AIM OF THE EXERCISE ::
Starting at the line that contains "theory Defs", repeat each line exactly until the records end, keeping both the first and the last.

AVAILABLE RECORDS ::
....................

(* Under all the hypotheses of the I-UKF stability theorem recalled in the context (conditions (C1)–(C8) together with the standing assumptions listed there), the Jacobian of the $i$-th forward-UKF measurement-update sigma point $\mathbf{q}_{i,k+1|k}$ with respect to the forward state estimate $\hat{\mathbf{x}}_k$ (with $\boldsymbol{\Sigma}_k$ held fixed) satisfies $\left\|\frac{\partial\mathbf{q}_{i,k+1|k}}{\partial\hat{\mathbf{x}}_k}\right\|\le c'$ for all $k\ge0$ and all $0\le i\le 2n_x$, for some positive real constant $c'$.
   Context: Forward system $\mathbf{x}_{k+1}=f(\mathbf{x}_k)+\mathbf{w}_k$, $\mathbf{y}_k=h(\mathbf{x}_k)+\mathbf{v}_k$ with $f:\mathbb{R}^{n_x}\to\mathbb{R}^{n_x}$, $h:\mathbb{R}^{n_x}\to\mathbb{R}^{n_y}$ differentiable, $\mathbf{w}_k\sim\mathcal{N}(\mathbf{0},\mathbf{Q}_k)$, $\mathbf{v}_k\sim\mathcal{N}(\mathbf{0},\mathbf{R}_k)$; defender observation $\mathbf{a}_k=g(\hat{\mathbf{x}}_k)+\boldsymbol{\epsilon}_k$, $\boldsymbol{\epsilon}_k\sim\mathcal{N}(\mathbf{0},\overline{\mathbf{R}}_k)$, $g$ differentiable. Sigma points with parameter $\kappa$: $S_{gen}(\hat{\mathbf{x}},\boldsymbol{\Sigma})$ consists of $\hat{\mathbf{x}}$ and $\hat{\mathbf{x}}\pm[\sqrt{(n_x+\kappa)\boldsymbol{\Sigma}}]_{(:,i)}$, $1\le i\le n_x$ ($\sqrt{\cdot}$ the lower-triangular Cholesky factor), weights $\omega_0=\kappa/(n_x+\kappa)$, $\omega_i=1/(2(n_x+\kappa))$. Forward UKF: $\{\mathbf{s}_{i,k}\}=S_{gen}(\hat{\mathbf{x}}_k,\boldsymbol{\Sigma}_k)$, $\mathbf{s}^*_{i,k+1|k}=f(\mathbf{s}_{i,k})$, $\hat{\mathbf{x}}_{k+1|k}=\sum_i\omega_i\mathbf{s}^*_{i,k+1|k}$, $\boldsymbol{\Sigma}_{k+1|k}=\sum_i\omega_i\mathbf{s}^*_i\mathbf{s}^{*T}_i-\hat{\mathbf{x}}_{k+1|k}\hat{\mathbf{x}}_{k+1|k}^T+\mathbf{Q}_k$, $\{\mathbf{q}_{i,k+1|k}\}=S_{gen}(\hat{\mathbf{x}}_{k+1|k},\boldsymbol{\Sigma}_{k+1|k})$, $\mathbf{q}^*_i=h(\mathbf{q}_i)$, $\hat{\mathbf{y}}_{k+1|k}=\sum\omega_i\mathbf{q}^*_i$, $\boldsymbol{\Sigma}^y_{k+1}=\sum\omega_i\mathbf{q}^*_i\mathbf{q}^{*T}_i-\hat{\mathbf{y}}\hat{\mathbf{y}}^T+\mathbf{R}_{k+1}$, $\boldsymbol{\Sigma}^{xy}_{k+1}=\sum\omega_i\mathbf{q}_i\mathbf{q}^{*T}_i-\hat{\mathbf{x}}_{k+1|k}\hat{\mathbf{y}}^T$, $\mathbf{K}_{k+1}=\boldsymbol{\Sigma}^{xy}(\boldsymbol{\Sigma}^y)^{-1}$, $\hat{\mathbf{x}}_{k+1}=\hat{\mathbf{x}}_{k+1|k}+\mathbf{K}_{k+1}(\mathbf{y}_{k+1}-\hat{\mathbf{y}}_{k+1|k})$, $\boldsymbol{\Sigma}_{k+1}=\boldsymbol{\Sigma}_{k+1|k}-\mathbf{K}\boldsymbol{\Sigma}^y\mathbf{K}^T$. $\mathbf{F}_k=\frac{\partial f}{\partial\mathbf{x}}(\hat{\mathbf{x}}_k)$, $\mathbf{H}_{k+1}=\frac{\partial h}{\partial\mathbf{x}}(\hat{\mathbf{x}}_{k+1|k})$; unknown diagonal $\mathbf{U}^x_k,\mathbf{U}^y_k$ and matrices $\mathbf{U}^{xy}_k$ satisfy $\mathbf{x}_{k+1}-\hat{\mathbf{x}}_{k+1|k}=\mathbf{U}^x_k\mathbf{F}_k(\mathbf{x}_k-\hat{\mathbf{x}}_k)+\mathbf{w}_k$, $\mathbf{y}_{k+1}-\hat{\mathbf{y}}_{k+1|k}=\mathbf{U}^y_{k+1}\mathbf{H}_{k+1}(\mathbf{x}_{k+1}-\hat{\mathbf{x}}_{k+1|k})+\mathbf{v}_{k+1}$, $\boldsymbol{\Sigma}^{xy}_{k+1}=\boldsymbol{\Sigma}_{k+1|k}\mathbf{U}^{xy}_{k+1}\mathbf{H}_{k+1}^T\mathbf{U}^y_{k+1}$ (if $n_x\ge n_y$, else $\boldsymbol{\Sigma}_{k+1|k}\mathbf{H}_{k+1}^T\mathbf{U}^y_{k+1}\mathbf{U}^{xy}_{k+1}$); $\hat{\mathbf{Q}}_k,\hat{\mathbf{R}}_{k+1}$ defined by $\boldsymbol{\Sigma}_{k+1|k}=\mathbf{U}^x_k\mathbf{F}_k(\mathbf{I}-\mathbf{K}_k\mathbf{U}^y_k\mathbf{H}_k)\boldsymbol{\Sigma}_{k|k-1}(\cdot)^T\mathbf{F}_k^T\mathbf{U}^x_k+\hat{\mathbf{Q}}_k$ (with $(\cdot)=\mathbf{I}-\mathbf{K}_k\mathbf{U}^y_k\mathbf{H}_k$) and $\boldsymbol{\Sigma}^y_{k+1}=\mathbf{U}^y_{k+1}\mathbf{H}_{k+1}\boldsymbol{\Sigma}_{k+1|k}\mathbf{H}_{k+1}^T\mathbf{U}^y_{k+1}+\hat{\mathbf{R}}_{k+1}$. I-UKF: the defender's filter estimating $\hat{\mathbf{x}}_k$ from $\mathbf{a}_k$ and $\mathbf{x}_k$, with state transition $\hat{\mathbf{x}}_{k+1}=\widetilde f(\hat{\mathbf{x}}_k,\boldsymbol{\Sigma}_k,\mathbf{x}_{k+1},\mathbf{v}_{k+1}):=\sum_i\omega_i(\mathbf{s}^*_{i,k+1|k}-\mathbf{K}_{k+1}\mathbf{q}^*_{i,k+1|k})+\mathbf{K}_{k+1}h(\mathbf{x}_{k+1})+\mathbf{K}_{k+1}\mathbf{v}_{k+1}$ and observation $\mathbf{a}_k$; it produces $\hat{\hat{\mathbf{x}}}_k$, $\hat{\hat{\mathbf{x}}}_{k|k-1}$, $\overline{\boldsymbol{\Sigma}}_{k|k-1}$, with $\widetilde{\mathbf{F}}_k=\frac{\partial\widetilde f(\mathbf{x},\boldsymbol{\Sigma}_k,\mathbf{x}_{k+1},\mathbf{0})}{\partial\mathbf{x}}|_{\mathbf{x}=\hat{\hat{\mathbf{x}}}_k}$, $\mathbf{G}_k=\frac{\partial g}{\partial\mathbf{x}}(\hat{\hat{\mathbf{x}}}_{k|k-1})$ and unknown matrices $\overline{\mathbf{U}}^a_k,\overline{\mathbf{U}}^{xa}_k$ and $\hat{\overline{\mathbf{Q}}}_k,\hat{\overline{\mathbf{R}}}_k$ being the I-UKF counterparts of $\mathbf{U}^y,\mathbf{U}^{xy},\hat{\mathbf{Q}},\hat{\mathbf{R}}$. The hypotheses: (C1) positive reals with $\|\mathbf{F}_k\|\le\bar f$, $\|\mathbf{H}_k\|\le\bar h$, $\|\mathbf{U}^x_k\|\le\bar\alpha$, $\|\mathbf{U}^y_k\|\le\bar\beta$, $\|\mathbf{U}^{xy}_k\|\le\bar\gamma$, $\mathbf{Q}_k\preceq\bar q\mathbf{I}$, $\mathbf{R}_k\preceq\bar r\mathbf{I}$, $\hat q\mathbf{I}\preceq\hat{\mathbf{Q}}_k$, $\hat r\mathbf{I}\preceq\hat{\mathbf{R}}_k$, $\underline{\sigma}\mathbf{I}\preceq\boldsymbol{\Sigma}_{k|k-1}\preceq\bar\sigma\mathbf{I}$; (C2) $\mathbf{U}^x_k,\mathbf{F}_k$ non-singular; (C3) $\bar\sigma\bar\gamma\bar h^2\bar\beta^2<\hat r$; (C4) positive reals with $\|\mathbf{G}_k\|\le\bar g$, $\|\overline{\mathbf{U}}^a_k\|\le\bar c$, $\|\overline{\mathbf{U}}^{xa}_k\|\le\bar d$, $\overline{\mathbf{R}}_k\preceq\bar\epsilon\mathbf{I}$, $\hat c\mathbf{I}\preceq\hat{\overline{\mathbf{Q}}}_k$, $\hat d\mathbf{I}\preceq\hat{\overline{\mathbf{R}}}_k$, $\underline{p}\mathbf{I}\preceq\overline{\boldsymbol{\Sigma}}_{k|k-1}\preceq\bar p\mathbf{I}$; (C5) $\boldsymbol{\Sigma}^y_k\succeq\underline{y}\mathbf{I}$ for a real constant $\underline{y}$; (C6) $\|f(\cdot)\|_2\le\delta_f$, $\|h(\cdot)\|_2\le\delta_h$; (C7) $\widetilde{\mathbf{F}}_k$ non-singular with $\|\widetilde{\mathbf{F}}_k^{-1}\|\le\bar a$; (C8) $\bar p\bar d\bar g^2\bar c^2<\hat d$; all for every $k\ge0$. Standing assumptions: the I-UKF's approximation of $\boldsymbol{\Sigma}_k$ is exact, the forward gain computed at the I-UKF estimate equals that at $\hat{\mathbf{x}}_k$, and $\|\frac{\partial f}{\partial\mathbf{x}}(\mathbf{x})\|\le\bar f$, $\|\frac{\partial h}{\partial\mathbf{x}}(\mathbf{x})\|\le\bar h$ at every point where they are evaluated, in particular every sigma point. *)

theory Defs
  imports "HOL-Analysis.Analysis"
begin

....................

PROBLEM SOLUTION ::
theory Defs
  imports "HOL-Analysis.Analysis"
begin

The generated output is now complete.